Aim of the exercise | Could you set down exactly the lines in the records below between the line holding "fix x y assume" and the line holding "eq xy by auto", inclusive?
▬▬▬
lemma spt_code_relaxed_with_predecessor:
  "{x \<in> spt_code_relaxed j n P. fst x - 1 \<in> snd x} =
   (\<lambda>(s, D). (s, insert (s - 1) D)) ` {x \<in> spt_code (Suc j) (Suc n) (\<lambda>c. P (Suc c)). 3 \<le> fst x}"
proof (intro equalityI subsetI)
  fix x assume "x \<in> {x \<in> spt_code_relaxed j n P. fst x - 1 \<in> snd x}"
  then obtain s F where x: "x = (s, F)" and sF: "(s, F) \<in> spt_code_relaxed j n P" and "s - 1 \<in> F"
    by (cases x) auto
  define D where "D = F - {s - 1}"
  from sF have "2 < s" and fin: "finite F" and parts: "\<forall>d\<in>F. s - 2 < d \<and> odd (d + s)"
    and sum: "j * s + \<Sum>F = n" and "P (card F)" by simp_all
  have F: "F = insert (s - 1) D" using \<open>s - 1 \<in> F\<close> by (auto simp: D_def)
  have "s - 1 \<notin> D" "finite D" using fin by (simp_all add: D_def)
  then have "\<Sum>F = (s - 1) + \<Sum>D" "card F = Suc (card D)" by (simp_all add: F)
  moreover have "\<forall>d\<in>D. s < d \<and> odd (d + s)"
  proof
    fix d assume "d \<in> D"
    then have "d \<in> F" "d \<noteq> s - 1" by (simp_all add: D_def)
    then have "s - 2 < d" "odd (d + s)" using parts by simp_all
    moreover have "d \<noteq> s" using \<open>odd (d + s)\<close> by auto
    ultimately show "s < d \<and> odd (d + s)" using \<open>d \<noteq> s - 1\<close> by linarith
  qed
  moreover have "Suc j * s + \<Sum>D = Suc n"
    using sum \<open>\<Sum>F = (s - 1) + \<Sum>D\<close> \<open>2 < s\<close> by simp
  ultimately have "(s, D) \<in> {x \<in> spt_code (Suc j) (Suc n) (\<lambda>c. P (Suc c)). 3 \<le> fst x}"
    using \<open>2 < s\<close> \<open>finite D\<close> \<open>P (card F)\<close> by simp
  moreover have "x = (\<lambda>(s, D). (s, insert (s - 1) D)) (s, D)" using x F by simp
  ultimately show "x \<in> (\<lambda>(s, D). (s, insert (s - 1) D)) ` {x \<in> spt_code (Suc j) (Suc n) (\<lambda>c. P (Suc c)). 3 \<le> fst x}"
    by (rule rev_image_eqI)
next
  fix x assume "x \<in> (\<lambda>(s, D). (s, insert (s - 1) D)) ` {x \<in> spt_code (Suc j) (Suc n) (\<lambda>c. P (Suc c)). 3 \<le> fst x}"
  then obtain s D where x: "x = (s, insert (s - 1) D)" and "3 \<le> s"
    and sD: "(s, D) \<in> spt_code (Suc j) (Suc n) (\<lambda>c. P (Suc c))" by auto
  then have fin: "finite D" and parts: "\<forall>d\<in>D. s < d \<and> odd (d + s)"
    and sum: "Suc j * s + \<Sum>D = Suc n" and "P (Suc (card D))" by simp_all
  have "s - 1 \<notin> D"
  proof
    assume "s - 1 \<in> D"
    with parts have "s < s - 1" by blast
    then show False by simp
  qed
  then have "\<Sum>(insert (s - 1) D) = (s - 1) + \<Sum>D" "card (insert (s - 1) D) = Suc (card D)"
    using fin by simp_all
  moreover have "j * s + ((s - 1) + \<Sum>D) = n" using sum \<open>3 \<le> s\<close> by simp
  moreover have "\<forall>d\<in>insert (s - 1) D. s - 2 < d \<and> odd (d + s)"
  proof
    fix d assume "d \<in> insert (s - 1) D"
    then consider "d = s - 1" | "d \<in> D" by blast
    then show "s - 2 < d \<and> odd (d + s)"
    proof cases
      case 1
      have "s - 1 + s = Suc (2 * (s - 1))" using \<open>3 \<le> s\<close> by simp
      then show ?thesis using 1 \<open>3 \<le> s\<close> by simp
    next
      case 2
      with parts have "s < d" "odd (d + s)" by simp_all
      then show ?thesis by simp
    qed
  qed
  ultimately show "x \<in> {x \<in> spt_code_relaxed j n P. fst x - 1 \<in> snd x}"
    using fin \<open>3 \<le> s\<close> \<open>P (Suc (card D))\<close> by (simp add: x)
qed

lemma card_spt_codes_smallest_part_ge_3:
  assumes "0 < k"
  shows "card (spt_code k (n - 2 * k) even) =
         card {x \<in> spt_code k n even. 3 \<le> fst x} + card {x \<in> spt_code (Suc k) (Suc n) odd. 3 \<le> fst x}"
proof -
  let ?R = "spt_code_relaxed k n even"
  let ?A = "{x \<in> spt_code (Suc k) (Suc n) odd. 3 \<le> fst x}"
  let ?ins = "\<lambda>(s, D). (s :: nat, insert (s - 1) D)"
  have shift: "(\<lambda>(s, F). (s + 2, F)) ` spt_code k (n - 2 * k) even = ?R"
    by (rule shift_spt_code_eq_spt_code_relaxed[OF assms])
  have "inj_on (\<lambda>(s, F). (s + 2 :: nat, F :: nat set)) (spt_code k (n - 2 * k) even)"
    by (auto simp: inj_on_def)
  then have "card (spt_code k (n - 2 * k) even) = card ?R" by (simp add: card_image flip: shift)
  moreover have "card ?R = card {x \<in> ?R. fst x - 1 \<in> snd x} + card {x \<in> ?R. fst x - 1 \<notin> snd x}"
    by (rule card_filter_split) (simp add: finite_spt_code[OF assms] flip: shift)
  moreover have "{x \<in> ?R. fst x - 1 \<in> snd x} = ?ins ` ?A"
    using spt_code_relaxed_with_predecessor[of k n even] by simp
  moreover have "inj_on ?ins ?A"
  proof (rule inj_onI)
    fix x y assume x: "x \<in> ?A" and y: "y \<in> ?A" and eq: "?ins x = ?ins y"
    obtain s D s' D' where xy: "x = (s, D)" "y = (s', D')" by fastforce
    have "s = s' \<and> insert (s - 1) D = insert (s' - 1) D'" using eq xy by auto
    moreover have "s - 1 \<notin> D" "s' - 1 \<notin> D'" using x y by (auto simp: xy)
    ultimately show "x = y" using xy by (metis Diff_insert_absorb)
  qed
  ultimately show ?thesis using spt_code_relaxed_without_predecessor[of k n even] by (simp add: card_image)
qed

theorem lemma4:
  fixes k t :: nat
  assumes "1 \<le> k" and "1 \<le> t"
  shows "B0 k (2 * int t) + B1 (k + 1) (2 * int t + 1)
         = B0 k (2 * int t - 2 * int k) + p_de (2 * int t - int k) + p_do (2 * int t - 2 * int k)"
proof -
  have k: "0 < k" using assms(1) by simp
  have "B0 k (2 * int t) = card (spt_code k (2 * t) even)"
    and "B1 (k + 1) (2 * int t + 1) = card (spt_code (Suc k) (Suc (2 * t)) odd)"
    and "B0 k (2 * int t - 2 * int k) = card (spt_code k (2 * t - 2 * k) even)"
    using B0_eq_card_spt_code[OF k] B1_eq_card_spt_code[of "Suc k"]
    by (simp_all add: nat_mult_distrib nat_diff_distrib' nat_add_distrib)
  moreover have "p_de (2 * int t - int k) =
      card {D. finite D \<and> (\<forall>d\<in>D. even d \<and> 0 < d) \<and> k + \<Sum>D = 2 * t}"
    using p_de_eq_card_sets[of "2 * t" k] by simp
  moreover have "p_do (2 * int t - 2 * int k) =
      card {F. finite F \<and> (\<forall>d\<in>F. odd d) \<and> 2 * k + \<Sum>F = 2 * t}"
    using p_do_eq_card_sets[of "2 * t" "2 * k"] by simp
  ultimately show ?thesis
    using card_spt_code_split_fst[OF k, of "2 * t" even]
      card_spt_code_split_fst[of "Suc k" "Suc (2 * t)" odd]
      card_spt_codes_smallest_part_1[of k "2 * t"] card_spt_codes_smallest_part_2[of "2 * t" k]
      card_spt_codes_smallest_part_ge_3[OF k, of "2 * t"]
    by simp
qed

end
▬▬▬
Answer space |
    fix x y assume x: "x \<in> ?A" and y: "y \<in> ?A" and eq: "?ins x = ?ins y"
    obtain s D s' D' where xy: "x = (s, D)" "y = (s', D')" by fastforce
    have "s = s' \<and> insert (s - 1) D = insert (s' - 1) D'" using eq xy by auto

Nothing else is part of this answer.